Kathy, apesar de ser a mocinha, de boba e ingênua ela não tem nada. Tanto que logo que conhece Don, ao invés de cair aos seus pés como qualquer fã, mostra-se inabalável e chega até questionar o talento de Don como ator, o que abalo o galã. Debbie Reynolds fez uma atuação, graciosa e delicada, sem nunca deixar Kathy chata ou melosa demais. fez dela uma mocinha genuína, verdadeira, real.
Cosmo é o fiel amigo de Don, mas não seu escravo, e sim companheiro. Os dois se respeitam mutualmente e Cosmo sempre ajuda Don a resiolver impasses na carreira e no campo pessoal, além de animar o amigo com suas cenas de humor. Donald O'Connor também achou o equilíbrio, fazendo um Cosmo engraçado sem ser apelativo, adorável sem ser irritante.
E, para fechar com chave de ouro a descrição dos personagens, temos Lina Lamont, a famosa atriz de péssima voz. Ao contrário da maioria das vilãs, que acaba com a vida de todos e destila veneno por onde passa, quase a verdadeira encarnação do Mal, Lina é uma antagonista divertida, pois além da péssima voz que a atriz Jean Hagen manteve durante todo o filme, ela se mostra por vezes burra, sem prestar atenção nas coisas, não entendendo (ou não querendo entender) que Don nada quer com ela. Jean realmente fez um trabalho excelente. Criou uma vilã egocêntrica, mas adorável que conquista o público com suas (muitas) passagens cômicas. Merecia o Oscar de Melhor Atriz ao qual foi indicada em 1953.
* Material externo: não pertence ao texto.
(* Let $\Sigma$ be a connected orientable surface with end space $E$, let $x\in E$, and let $H_x\subset E$ be the set of ends locally homeomorphic to $x$. Suppose that $C=\overline{H_x}$ has no isolated points (so $C$ is a Cantor set, invariant under the action of the homeomorphism group of $\Sigma$ on $E$). If $z\in C$ has orbit under the homeomorphism group of $\Sigma$ that is dense in $C$, then this orbit is comeager in $C$. In particular, there is at most one orbit of homeomorphisms of $\Sigma$ in $C$ that is dense in $C$.
   Context: For a connected orientable surface $\Sigma$, $E$ denotes its space of ends and $E^G\subset E$ the ends accumulated by genus; homeomorphisms of $\Sigma$ act on $E$. Two ends $x,x'\in E$ are locally homeomorphic if there are clopen neighborhoods $U\ni x$, $U'\ni x'$ in $E$ and a homeomorphism $(U,U\cap E^G)\to(U',U'\cap E^G)$ sending $x$ to $x'$ (equivalently, some homeomorphism of $\Sigma$ maps $x$ to $x'$). *)

theory Defs
  imports "HOL-Analysis.Analysis"
begin

text \<open>End spaces are modelled abstractly by Richards' classification: the end space of a
connected orientable surface is a pair (E, EG) where E is a compact, metrizable,
totally disconnected space and EG (ends accumulated by genus) is a closed subset;
every such pair arises, and the action of Homeo(Sigma) on E has image exactly the
group of homeomorphisms of the pair (E, EG).\<close>

definition end_space_pair :: "'a topology \<Rightarrow> 'a set \<Rightarrow> bool" where
  "end_space_pair E EG \<longleftrightarrow>
     compact_space E \<and> metrizable_space E \<and>
     (\<forall>x\<in>topspace E. connected_component_of_set E x = {x}) \<and>
     closedin E EG"

definition clopenin :: "'a topology \<Rightarrow> 'a set \<Rightarrow> bool" where
  "clopenin E U \<longleftrightarrow> openin E U \<and> closedin E U"

definition pair_homeo :: "'a topology \<Rightarrow> 'a set \<Rightarrow> ('a \<Rightarrow> 'a) \<Rightarrow> bool" where
  "pair_homeo E EG h \<longleftrightarrow> homeomorphic_map E E h \<and> h ` EG = EG"

definition end_orbit :: "'a topology \<Rightarrow> 'a set \<Rightarrow> 'a \<Rightarrow> 'a set" where
  "end_orbit E EG z = {h z | h. pair_homeo E EG h}"

definition loc_homeo :: "'a topology \<Rightarrow> 'a set \<Rightarrow> 'a \<Rightarrow> 'a \<Rightarrow> bool" where
  "loc_homeo E EG x x' \<longleftrightarrow>
     (\<exists>U U' f. clopenin E U \<and> clopenin E U' \<and> x \<in> U \<and> x' \<in> U' \<and>
        homeomorphic_map (subtopology E U) (subtopology E U') f \<and>
        f ` (U \<inter> EG) = U' \<inter> EG \<and> f x = x')"

definition H_set :: "'a topology \<Rightarrow> 'a set \<Rightarrow> 'a \<Rightarrow> 'a set" where
  "H_set E EG x = {x' \<in> topspace E. loc_homeo E EG x x'}"

definition comeager_in :: "'a topology \<Rightarrow> 'a set \<Rightarrow> bool" where
  "comeager_in X S \<longleftrightarrow>
     (\<exists>D :: nat \<Rightarrow> 'a set. (\<forall>n. openin X (D n) \<and> X closure_of (D n) = topspace X) \<and>
        (\<Inter>n. D n) \<subseteq> S)"

end

(*
  Fix an enumeration of the countably many clopen subsets of E. A homeomorphism of the pair
  (E, EG) sending z to y is built in stages: nested clopen sets V k around z and W k around y, not
  split by the first k enumerated clopen sets (so they shrink to the points), together with
  homeomorphisms of pairs V k -> W k mapping V (k+1) onto W (k+1); gluing these maps on the annuli
  V k - V (k+1) gives the homeomorphism. For a fixed stage, the points y at which it can be refined
  form an open set, dense in C because the orbit of z is dense in C and every homeomorphism between
  clopen subsets agrees at any given point with a global one (swap a small clopen set with its
  image). Hence the orbit contains a countable intersection of dense open subsets of C. In the
  compact space C two such sets meet by the Baire category theorem, so two dense orbits coincide.
*)
theory Submission
  imports Defs
begin

section \<open>Clopen sets and zero-dimensional spaces\<close>

lemma clopenin_imp_subset: "clopenin X U \<Longrightarrow> U \<subseteq> topspace X"
  unfolding clopenin_def by (simp add: openin_subset)

lemma clopenin_topspace [simp]: "clopenin X (topspace X)"
  unfolding clopenin_def by simp

lemma clopenin_Int: "clopenin X A \<Longrightarrow> clopenin X B \<Longrightarrow> clopenin X (A \<inter> B)"
  unfolding clopenin_def by auto

lemma clopenin_diff: "clopenin X A \<Longrightarrow> clopenin X B \<Longrightarrow> clopenin X (A - B)"
  unfolding clopenin_def by (auto intro: openin_diff closedin_diff)

lemma openin_continuous_map_preimage_subtopology:
  assumes "continuous_map (subtopology X S) Y f" "openin X S" "openin Y U"
  shows "openin X {p \<in> S. f p \<in> U}"
proof -
  have "topspace (subtopology X S) = S" using openin_subset[OF assms(2)] by auto
  then have "openin (subtopology X S) {p \<in> S. f p \<in> U}"
    using openin_continuous_map_preimage[OF assms(1,3)] by simp
  then show ?thesis using assms(2) by (rule openin_trans_full)
qed

lemma closedin_continuous_map_preimage_subtopology:
  assumes "continuous_map (subtopology X S) Y f" "closedin X S" "closedin Y U"
  shows "closedin X {p \<in> S. f p \<in> U}"
proof -
  have "topspace (subtopology X S) = S" using closedin_subset[OF assms(2)] by auto
  then have "closedin (subtopology X S) {p \<in> S. f p \<in> U}"
    using closedin_continuous_map_preimage[OF assms(1,3)] by simp
  then show ?thesis using assms(2) by (rule closedin_trans_full)
qed

lemma clopenin_continuous_map_preimage:
  assumes "continuous_map (subtopology X U) X f" "clopenin X U" "clopenin X K"
  shows "clopenin X {p \<in> U. f p \<in> K}"
  using assms openin_continuous_map_preimage_subtopology closedin_continuous_map_preimage_subtopology
  unfolding clopenin_def by blast

definition zero_dimensional :: "'a topology \<Rightarrow> bool"
  where "zero_dimensional X \<longleftrightarrow>
    (\<forall>N p. openin X N \<and> p \<in> N \<longrightarrow> (\<exists>U. clopenin X U \<and> p \<in> U \<and> U \<subseteq> N))"

lemma zero_dimensionalD:
  assumes "zero_dimensional X" "openin X N" "p \<in> N"
  obtains U where "clopenin X U" "p \<in> U" "U \<subseteq> N"
  using assms unfolding zero_dimensional_def by blast

lemma compact_totally_disconnected_imp_zero_dimensional:
  assumes "compact_space X" "Hausdorff_space X"
    and components: "\<And>p. p \<in> topspace X \<Longrightarrow> connected_component_of_set X p = {p}"
  shows "zero_dimensional X"
  unfolding zero_dimensional_def
proof (intro allI impI, elim conjE)
  fix N p assume "openin X N" "p \<in> N"
  then have p: "p \<in> topspace X" using openin_subset by blast
  have "quasi_component_of_set X p = {p}"
    using quasi_eq_connected_component_of assms(1,2) components[OF p] by metis
  moreover have "compactin X (topspace X - N)"
    using assms(1) \<open>openin X N\<close> by (simp add: closedin_compact_space closedin_diff)
  ultimately have "separated_between X {p} (topspace X - N)"
    using separated_between_quasi_component_compact quasi_component_in_quasi_components_of[of X p] p \<open>p \<in> N\<close>
    by (metis Diff_iff disjnt_iff singletonD)
  then obtain U V where UV: "openin X U" "openin X V" "U \<union> V = topspace X" "disjnt U V"
      "p \<in> U" "topspace X - N \<subseteq> V"
    unfolding separated_between_def by auto
  then have "U = topspace X - V" by (auto simp: disjnt_iff)
  then have "clopenin X U" using UV(1,2) unfolding clopenin_def by (simp add: closedin_diff)
  moreover have "U \<subseteq> N" using UV by (auto simp: disjnt_iff)
  ultimately show "\<exists>U. clopenin X U \<and> p \<in> U \<and> U \<subseteq> N" using UV(5) by blast
qed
"Cantando na Chuva" é um dos mais importantes filmes do cinema, figurando sempre entre os melhores filmes já feitos, como a exemplo da revista francesa Cahiers du Cinéma (7ª posição num ranking de 100); da revista britânica Empire (8ª posição num ranking de 500); e do respeitado American Film Institute (10ª posição num ranking de 100). Tudo isso graças à sua mistura perfeita de números musicais encantadores, personagens charmosos, atuações esplêndidas e um roteiro simples, mas bem escrito, destacando uma importante fase do cinema. Um verdadeiro clássico.